Task instructions: Each and every line of the data must appear exactly as given.

Records shown:
lemma starter_3design_square_balance:
  fixes S :: "'a::{field,finite} option set"
  assumes "starter_3design S" "odd CARD('a)"
  shows "card {(P, Q, R). distinct [P, Q, R] \<and> nonzero_square (triple_det P Q R) \<and> {P, Q, R} \<subseteq> S}
    = card {(P, Q, R). distinct [P, Q, R] \<and> \<not> nonzero_square (triple_det P Q R) \<and> {P, Q, R} \<subseteq> S}"
proof -
  obtain lam where design: "\<And>T::'a option set. card T = 3 \<Longrightarrow> card {X \<in> PSL2_orbit S. T \<subseteq> X} = lam"
    using assms(1) unfolding starter_3design_def by blast
  define C where "C c P Q R \<longleftrightarrow> distinct [P, Q, R] \<and> nonzero_square (triple_det P Q R) = c"
    for c and P Q R :: "'a option"
  have count: "lam * card {(P, Q, R). C c P Q R}
      = card (PSL2_orbit S) * card {(P, Q, R). C c P Q R \<and> {P, Q, R} \<subseteq> S}" for c
    unfolding PSL2_orbit_def
  proof (rule orbit_design_triple_count[where G = PSL2])
    show "C c (g P) (g Q) (g R) \<longleftrightarrow> C c P Q R" if "g \<in> PSL2" for g P Q R
      using inj_PSL2[OF that] nonzero_square_triple_det_PSL2[OF that]
      unfolding C_def by (auto simp: inj_eq)
  qed (use inj_PSL2 design in \<open>auto simp: C_def PSL2_orbit_def\<close>)
  have "card {(P, Q, R). C True P Q R} = card {(P, Q, R). C False P Q R}"
  proof -
    obtain n :: 'a where n: "n \<noteq> 0" "\<not> nonzero_square n" using ex_nonsquare[OF assms(2)] by blast
    have "n * 1 - 0 * 0 \<noteq> 0" using n(1) by simp
    then have inj_h: "inj (lft n 0 0 1)" by (rule inj_lft)
    define h3 where "h3 = map_prod (lft n 0 0 1) (map_prod (lft n 0 0 1) (lft n 0 0 1))"
    have "inj h3" unfolding h3_def using inj_h by (simp add: prod.inj_map)
    then have inj: "inj_on h3 A" for A using inj_on_subset by blast
    have "h3 ` {(P, Q, R). C c P Q R} \<subseteq> {(P, Q, R). C (\<not> c) P Q R}" for c
      using nonzero_square_triple_det_scale_by_nonsquare[OF assms(2) n] inj_h
      unfolding h3_def C_def by (auto simp: inj_eq)
    from this[of True] this[of False] show ?thesis
      by (intro card_bij_eq[OF inj _ inj]) simp_all
  qed
  moreover have "card (PSL2_orbit S) \<noteq> 0"
    using id_in_PSL2 unfolding PSL2_orbit_def by (auto simp: card_eq_0_iff)
  ultimately show ?thesis using count[of True] count[of False] unfolding C_def by simp
qed

section \<open>Subgroups of squares\<close>

locale square_subgroup =
  fixes B :: "'a::{field,finite} set"
  assumes one_in: "1 \<in> B"
    and mult_closed: "x \<in> B \<Longrightarrow> y \<in> B \<Longrightarrow> x * y \<in> B"
    and inverse_closed: "x \<in> B \<Longrightarrow> inverse x \<in> B"
    and square: "x \<in> B \<Longrightarrow> nonzero_square x"
    and minus_one_square: "nonzero_square (-1 :: 'a)"
    and two_nonzero: "(2 :: 'a) \<noteq> 0"
begin

lemma nonzero: "x \<in> B \<Longrightarrow> x \<noteq> 0"
  using square nonzero_square_imp_nonzero by blast

lemma nonzero_square_minus: "nonzero_square (- d) \<longleftrightarrow> nonzero_square (d :: 'a)"
  using nonzero_square_mult[OF minus_one_square, of d] by simp

definition pairs :: "bool \<Rightarrow> ('a \<times> 'a) set" where
  "pairs c = {(y, z). y \<in> B \<and> z \<in> B \<and> distinct [1, y, z] \<and> nonzero_square (diff_prod 1 y z) = c}"

lemma card_triples_of_class:
  "card {(x, y, z). x \<in> B \<and> y \<in> B \<and> z \<in> B \<and> distinct [x, y, z] \<and> nonzero_square (diff_prod x y z) = c}
    = card B * card (pairs c)"
proof -
  have diff_prod_scale: "nonzero_square (diff_prod x (x * y) (x * z)) \<longleftrightarrow> nonzero_square (diff_prod 1 y z)"
    if "x \<in> B" for x y z
  proof -
    have "diff_prod x (x * y) (x * z) = x ^ 2 * (x * diff_prod 1 y z)"
      unfolding diff_prod_def by (simp add: algebra_simps power2_eq_square)
    then show ?thesis
      using nonzero_square_mult_square[OF nonzero[OF that]] nonzero_square_mult[OF square[OF that]] by simp
  qed
  define f :: "'a \<times> 'a \<times> 'a \<Rightarrow> 'a \<times> 'a \<times> 'a" where "f = (\<lambda>(x, y, z). (x, x * y, x * z))"
  have "inj_on f (B \<times> pairs c)" unfolding inj_on_def f_def using nonzero by auto
  moreover have "f ` (B \<times> pairs c)
    = {(x, y, z). x \<in> B \<and> y \<in> B \<and> z \<in> B \<and> distinct [x, y, z] \<and> nonzero_square (diff_prod x y z) = c}"
    (is "_ = ?T")
  proof
    show "f ` (B \<times> pairs c) \<subseteq> ?T"
      using diff_prod_scale nonzero mult_closed unfolding f_def pairs_def by auto
    show "?T \<subseteq> f ` (B \<times> pairs c)"
    proof
      fix t assume "t \<in> ?T"
      then obtain x y z where t: "t = (x, y, z)" "x \<in> B" "y \<in> B" "z \<in> B" "distinct [x, y, z]"
        "nonzero_square (diff_prod x y z) = c" by blast
      have x: "x \<noteq> 0" "inverse x \<in> B" using nonzero inverse_closed t(2) by auto
      have "y / x \<in> B" "z / x \<in> B"
        using mult_closed[OF _ x(2)] t by (simp_all add: divide_inverse)
      moreover have "distinct [1, y / x, z / x]" using t(5) x(1) by (auto simp: divide_eq_1_iff)
      moreover have "nonzero_square (diff_prod 1 (y / x) (z / x)) = c"
        using diff_prod_scale[OF t(2), of "y / x" "z / x"] t(6) x(1) by simp
      ultimately have "(y / x, z / x) \<in> pairs c" unfolding pairs_def by auto
      moreover have "t = f (x, y / x, z / x)" using t x unfolding f_def by simp
      ultimately show "t \<in> f ` (B \<times> pairs c)" using t(2) by blast
    qed
  qed
  ultimately show ?thesis by (metis card_image card_cartesian_product)
qed

lemma card_pairs_True_plus_False:
  "card (pairs True) + card (pairs False) = (card B - 1) * (card B - 2)"
proof -
  define B' where "B' = B - {1}"
  have "pairs True \<union> pairs False = B' \<times> B' - (\<lambda>y. (y, y)) ` B'"
    unfolding pairs_def B'_def by auto
  moreover have "card (B' \<times> B' - (\<lambda>y. (y, y)) ` B') = card B' * card B' - card B'"
    by (subst card_Diff_subset) (auto simp: card_image inj_on_def card_cartesian_product)
  moreover have "card (pairs True \<union> pairs False) = card (pairs True) + card (pairs False)"
    by (rule card_Un_disjoint) (auto simp: pairs_def)
  moreover have "card B' = card B - 1" unfolding B'_def using one_in by simp
  ultimately show ?thesis by (simp add: diff_mult_distrib2)
qed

Your solution:
lemma starter_3design_square_balance:
  fixes S :: "'a::{field,finite} option set"
  assumes "starter_3design S" "odd CARD('a)"
  shows "card {(P, Q, R). distinct [P, Q, R] \<and> nonzero_square (triple_det P Q R) \<and> {P, Q, R} \<subseteq> S}
    = card {(P, Q, R). distinct [P, Q, R] \<and> \<not> nonzero_square (triple_det P Q R) \<and> {P, Q, R} \<subseteq> S}"
proof -
  obtain lam where design: "\<And>T::'a option set. card T = 3 \<Longrightarrow> card {X \<in> PSL2_orbit S. T \<subseteq> X} = lam"
    using assms(1) unfolding starter_3design_def by blast
  define C where "C c P Q R \<longleftrightarrow> distinct [P, Q, R] \<and> nonzero_square (triple_det P Q R) = c"
    for c and P Q R :: "'a option"
  have count: "lam * card {(P, Q, R). C c P Q R}
      = card (PSL2_orbit S) * card {(P, Q, R). C c P Q R \<and> {P, Q, R} \<subseteq> S}" for c
    unfolding PSL2_orbit_def
  proof (rule orbit_design_triple_count[where G = PSL2])
    show "C c (g P) (g Q) (g R) \<longleftrightarrow> C c P Q R" if "g \<in> PSL2" for g P Q R
      using inj_PSL2[OF that] nonzero_square_triple_det_PSL2[OF that]
      unfolding C_def by (auto simp: inj_eq)
  qed (use inj_PSL2 design in \<open>auto simp: C_def PSL2_orbit_def\<close>)
  have "card {(P, Q, R). C True P Q R} = card {(P, Q, R). C False P Q R}"
  proof -
    obtain n :: 'a where n: "n \<noteq> 0" "\<not> nonzero_square n" using ex_nonsquare[OF assms(2)] by blast
    have "n * 1 - 0 * 0 \<noteq> 0" using n(1) by simp
    then have inj_h: "inj (lft n 0 0 1)" by (rule inj_lft)
    define h3 where "h3 = map_prod (lft n 0 0 1) (map_prod (lft n 0 0 1) (lft n 0 0 1))"
    have "inj h3" unfolding h3_def using inj_h by (simp add: prod.inj_map)
    then have inj: "inj_on h3 A" for A using inj_on_subset by blast
    have "h3 ` {(P, Q, R). C c P Q R} \<subseteq> {(P, Q, R). C (\<not> c) P Q R}" for c
      using nonzero_square_triple_det_scale_by_nonsquare[OF assms(2) n] inj_h
      unfolding h3_def C_def by (auto simp: inj_eq)
    from this[of True] this[of False] show ?thesis
      by (intro card_bij_eq[OF inj _ inj]) simp_all
  qed
  moreover have "card (PSL2_orbit S) \<noteq> 0"
    using id_in_PSL2 unfolding PSL2_orbit_def by (auto simp: card_eq_0_iff)
  ultimately show ?thesis using count[of True] count[of False] unfolding C_def by simp
qed

section \<open>Subgroups of squares\<close>

locale square_subgroup =
  fixes B :: "'a::{field,finite} set"
  assumes one_in: "1 \<in> B"
    and mult_closed: "x \<in> B \<Longrightarrow> y \<in> B \<Longrightarrow> x * y \<in> B"
    and inverse_closed: "x \<in> B \<Longrightarrow> inverse x \<in> B"
    and square: "x \<in> B \<Longrightarrow> nonzero_square x"
    and minus_one_square: "nonzero_square (-1 :: 'a)"
    and two_nonzero: "(2 :: 'a) \<noteq> 0"
begin

lemma nonzero: "x \<in> B \<Longrightarrow> x \<noteq> 0"
  using square nonzero_square_imp_nonzero by blast

lemma nonzero_square_minus: "nonzero_square (- d) \<longleftrightarrow> nonzero_square (d :: 'a)"
  using nonzero_square_mult[OF minus_one_square, of d] by simp

definition pairs :: "bool \<Rightarrow> ('a \<times> 'a) set" where
  "pairs c = {(y, z). y \<in> B \<and> z \<in> B \<and> distinct [1, y, z] \<and> nonzero_square (diff_prod 1 y z) = c}"

lemma card_triples_of_class:
  "card {(x, y, z). x \<in> B \<and> y \<in> B \<and> z \<in> B \<and> distinct [x, y, z] \<and> nonzero_square (diff_prod x y z) = c}
    = card B * card (pairs c)"
proof -
  have diff_prod_scale: "nonzero_square (diff_prod x (x * y) (x * z)) \<longleftrightarrow> nonzero_square (diff_prod 1 y z)"
    if "x \<in> B" for x y z
  proof -
    have "diff_prod x (x * y) (x * z) = x ^ 2 * (x * diff_prod 1 y z)"
      unfolding diff_prod_def by (simp add: algebra_simps power2_eq_square)
    then show ?thesis
      using nonzero_square_mult_square[OF nonzero[OF that]] nonzero_square_mult[OF square[OF that]] by simp
  qed
  define f :: "'a \<times> 'a \<times> 'a \<Rightarrow> 'a \<times> 'a \<times> 'a" where "f = (\<lambda>(x, y, z). (x, x * y, x * z))"
  have "inj_on f (B \<times> pairs c)" unfolding inj_on_def f_def using nonzero by auto
  moreover have "f ` (B \<times> pairs c)
    = {(x, y, z). x \<in> B \<and> y \<in> B \<and> z \<in> B \<and> distinct [x, y, z] \<and> nonzero_square (diff_prod x y z) = c}"
    (is "_ = ?T")
  proof
    show "f ` (B \<times> pairs c) \<subseteq> ?T"
      using diff_prod_scale nonzero mult_closed unfolding f_def pairs_def by auto
    show "?T \<subseteq> f ` (B \<times> pairs c)"
    proof
      fix t assume "t \<in> ?T"
      then obtain x y z where t: "t = (x, y, z)" "x \<in> B" "y \<in> B" "z \<in> B" "distinct [x, y, z]"
        "nonzero_square (diff_prod x y z) = c" by blast
      have x: "x \<noteq> 0" "inverse x \<in> B" using nonzero inverse_closed t(2) by auto
      have "y / x \<in> B" "z / x \<in> B"
        using mult_closed[OF _ x(2)] t by (simp_all add: divide_inverse)
      moreover have "distinct [1, y / x, z / x]" using t(5) x(1) by (auto simp: divide_eq_1_iff)
      moreover have "nonzero_square (diff_prod 1 (y / x) (z / x)) = c"
        using diff_prod_scale[OF t(2), of "y / x" "z / x"] t(6) x(1) by simp
      ultimately have "(y / x, z / x) \<in> pairs c" unfolding pairs_def by auto
      moreover have "t = f (x, y / x, z / x)" using t x unfolding f_def by simp
      ultimately show "t \<in> f ` (B \<times> pairs c)" using t(2) by blast
    qed
  qed
  ultimately show ?thesis by (metis card_image card_cartesian_product)
qed

lemma card_pairs_True_plus_False:
  "card (pairs True) + card (pairs False) = (card B - 1) * (card B - 2)"
proof -
  define B' where "B' = B - {1}"
  have "pairs True \<union> pairs False = B' \<times> B' - (\<lambda>y. (y, y)) ` B'"
    unfolding pairs_def B'_def by auto
  moreover have "card (B' \<times> B' - (\<lambda>y. (y, y)) ` B') = card B' * card B' - card B'"
    by (subst card_Diff_subset) (auto simp: card_image inj_on_def card_cartesian_product)
  moreover have "card (pairs True \<union> pairs False) = card (pairs True) + card (pairs False)"
    by (rule card_Un_disjoint) (auto simp: pairs_def)
  moreover have "card B' = card B - 1" unfolding B'_def using one_in by simp
  ultimately show ?thesis by (simp add: diff_mult_distrib2)
qed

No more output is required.